I am twenty-four pages away from finishing The Shining, by Stephen King. It’s good, I gotta say.
But it ain’t classic literature. I always disparaged King as a mainstream writer but in recent months I’ve been wanting to read his work. And as I finish the book that became the Kubrick classic, it’s easy to understand its excellence, perhaps harder to understand why King isn’t as revered as a literary writer.
Jack Torrance is a bad mother fucker. Because he goes from a dude who wants to love his family and be a great artist, to someone who succumbs to the evil ghosts in The Overlook hotel heart of darkness style; he toes the edge of the abyss and falls in. Ultimately, we see that Jack was too weak, this recovering alcoholic who never knew moderation, never knew how to take it easy and give in to supreme love (which is what saves Danny from his possessed body), basically the average guy. And King presents that really well.
What makes the book less than literary is when his wife Wendy finds the party decorations in the elevator, we—Jack, as well as his family—know the Overlook Hotel is haunted and that it’s not just hallucinatory doldrums he’s fallen into, he’s actually being taken over. Kubrick depicts the murders more as a result of Jack’s going crazy, which may be why we revere the film perhaps more than the novel, and the director more than the author.
The diabolus ex machina has elements of Shakespeare, but to us with a post-postmodern mindset seems a little easy, a little too fantasy shelf to be classic literature. If King had written Torrance’s psychology as a product of society, his errors, his deformed love, maybe, but to blame the events on ghosts and the supernatural seems rather silly.
The Overlook Hotel in the film is Timberline Lodge, just outside of Portland, Oregon. I stayed there on Halloween when I was twelve, my dad and I on a boy’s weekend to the glacier to ski since it’s the only one that’s open all year round and used by the U.S. Ski Team. At least within the Continental United States. And that night, after we watched it on a projector, I stayed in a room that might as well have been the steward’s quarters.
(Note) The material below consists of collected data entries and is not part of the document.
lemma reduced_inf_act_letter: "reduced_inf \<zeta> \<Longrightarrow> reduced_inf (act_letter a \<zeta>)"
  by (cases "\<zeta> 0 = linv a")
    (auto simp: act_letter_cancel act_letter_prepend reduced_inf_shift reduced_inf_case_nat)

lemma reduced_inf_act: "reduced_inf \<zeta> \<Longrightarrow> reduced_inf (act g \<zeta>)"
  by (induction g) (auto simp: act_Cons reduced_inf_act_letter)

lemma act_letter_linv:
  assumes "reduced_inf \<zeta>"
  shows "act_letter a (act_letter (linv a) \<zeta>) = \<zeta>"
proof (cases "\<zeta> 0 = a")
  case True
  then have "\<zeta> (Suc 0) \<noteq> linv a"
    using assms unfolding reduced_inf_def by auto
  with True show ?thesis
    by (auto simp: act_letter_cancel act_letter_prepend fun_eq_iff split: nat.splits)
qed (simp add: act_letter_cancel act_letter_prepend)

lemma act_red_cons:
  assumes "reduced_inf \<zeta>"
  shows "act (red_cons a u) \<zeta> = act_letter a (act u \<zeta>)"
proof (cases u)
  case (Cons b u')
  then show ?thesis
    using act_letter_linv[OF reduced_inf_act[OF assms, of u'], of a] by (simp add: act_Cons)
qed (simp add: act_Cons)

lemma act_red: "reduced_inf \<zeta> \<Longrightarrow> act (red xs) \<zeta> = act xs \<zeta>"
  by (induction xs) (simp_all add: red_Cons act_red_cons act_Cons)

lemma act_inv_word_act: "reduced_inf \<zeta> \<Longrightarrow> act (inv_word g) (act g \<zeta>) = \<zeta>"
  using act_red[of \<zeta> "inv_word g @ g"] red_cancel_middle'[of "[]" g "[]"] by (simp add: act_append)

lemma Bd_iff: "\<xi> \<in> Bd N \<longleftrightarrow> reduced_inf \<xi> \<and> (\<forall>i. fst (\<xi> i) < N)"
  by (auto simp: Bd_def reduced_inf_def)
(* Let $V$ be a real Hilbert space, let $W\subset V$ be a subspace of finite dimension $m$, and let $P_W$ denote the orthogonal projection onto $W$. A map $A:W\to V$ has the form $A(w)=w+B(w)$ for all $w\in W$, with $B:W\to W^\perp$ affine, if and only if there exist $\bar u\in V$ and a linear subspace $V_n\subset V$ of dimension $n\le m$ with $V_n\cap W^\perp=\{0\}$ such that $A$ coincides with the affine PBDW algorithm for $\bar u+V_n$, namely $$A(w)=\operatorname{argmin}\{\operatorname{dist}(v,\bar u+V_n)\;:\; v\in w+W^\perp\}\quad\text{for all } w\in W.$$
   Context: $W^\perp$ is the orthogonal complement of $W$ in $V$, and $\operatorname{dist}(v,S)=\inf_{s\in S}\|v-s\|$. The condition $V_n\cap W^\perp=\{0\}$ guarantees that the minimizer in the definition of the affine PBDW algorithm exists and is unique. *)

theory Defs
  imports "HOL-Analysis.Analysis"
begin

definition fin_dim_subspace :: "'a::real_vector set \<Rightarrow> bool" where
  "fin_dim_subspace S \<longleftrightarrow> subspace S \<and> (\<exists>B. finite B \<and> S = span B)"

definition affine_map_on :: "'a::real_vector set \<Rightarrow> ('a \<Rightarrow> 'b::real_vector) \<Rightarrow> bool" where
  "affine_map_on S f \<longleftrightarrow>
     (\<forall>x\<in>S. \<forall>y\<in>S. \<forall>t::real. f (t *\<^sub>R x + (1 - t) *\<^sub>R y) = t *\<^sub>R f x + (1 - t) *\<^sub>R f y)"

definition affine_pbdw :: "'a::real_inner set \<Rightarrow> 'a \<Rightarrow> 'a set \<Rightarrow> 'a \<Rightarrow> 'a" where
  "affine_pbdw W ubar Vn w =
     (ARG_MIN (\<lambda>v. infdist v ((+) ubar ` Vn)) v. v \<in> (+) w ` (W\<^sup>\<bottom>))"

end

theory Submission
  imports Defs
begin

text \<open>Let \<open>P\<close> be the orthogonal projection onto \<open>W\<close>, which exists since \<open>W\<close> is finite-dimensional.
If \<open>A = id + B\<close> with \<open>B = B 0 + L\<close> affine into \<open>W\<^sup>\<bottom>\<close>, take \<open>ubar = B 0\<close> and
\<open>Vn = (id + L) W\<close>: the fibre \<open>w + W\<^sup>\<bottom>\<close> meets \<open>ubar + Vn\<close> in the single point \<open>A w\<close>, because
\<open>Vn \<inter> W\<^sup>\<bottom> = {0}\<close>, so \<open>A w\<close> is the unique point of the fibre at distance zero.
Conversely, for \<open>v\<close> in the fibre and \<open>y \<in> Vn\<close>, Pythagoras splits \<open>\<parallel>v - ubar - y\<parallel>\<^sup>2\<close> into
\<open>\<parallel>w - P ubar - P y\<parallel>\<^sup>2 + \<parallel>(I - P)(v - ubar - y)\<parallel>\<^sup>2\<close>. The first term is minimised by the unique
\<open>x \<in> Vn\<close> (\<open>P\<close> is injective on \<open>Vn\<close>) for which \<open>P x\<close> is the projection of \<open>w - P ubar\<close> onto
\<open>P Vn\<close>, the second vanishes only for \<open>v = w + (I - P)(ubar + x)\<close>, and both depend affinely on \<open>w\<close>.\<close>

lemma orthogonal_comp_orthogonal:
  assumes "y \<in> S" "z \<in> S\<^sup>\<bottom>"
  shows "orthogonal y z"
  using assms by (simp add: orthogonal_comp_def)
I felt the spirits in the lodge that had stayed there before me. I didn’t know of any murders or slayings but when I woke up in the middle of the night, my heart in my throat and all I could hear was darkness I had to think of playing shuffleboard—not roque—the grains of salt sliding over the polished wood with dad earlier in the evening to be able to relax and lie back down, my head sinking into the extrasoft pillow, the sounds of 8,000 foot wind beating against the windows and tickling the eaves, and footsteps in the corridor and dad below me sleeping like a baby and the empty rooms where people had fallen in and out of love and left their ghosts behind and on the bottom bunk dad in case the door handle jiggled but it didn’t. The Shining may have been filmed there, but it wasn’t it. It wasn’t it.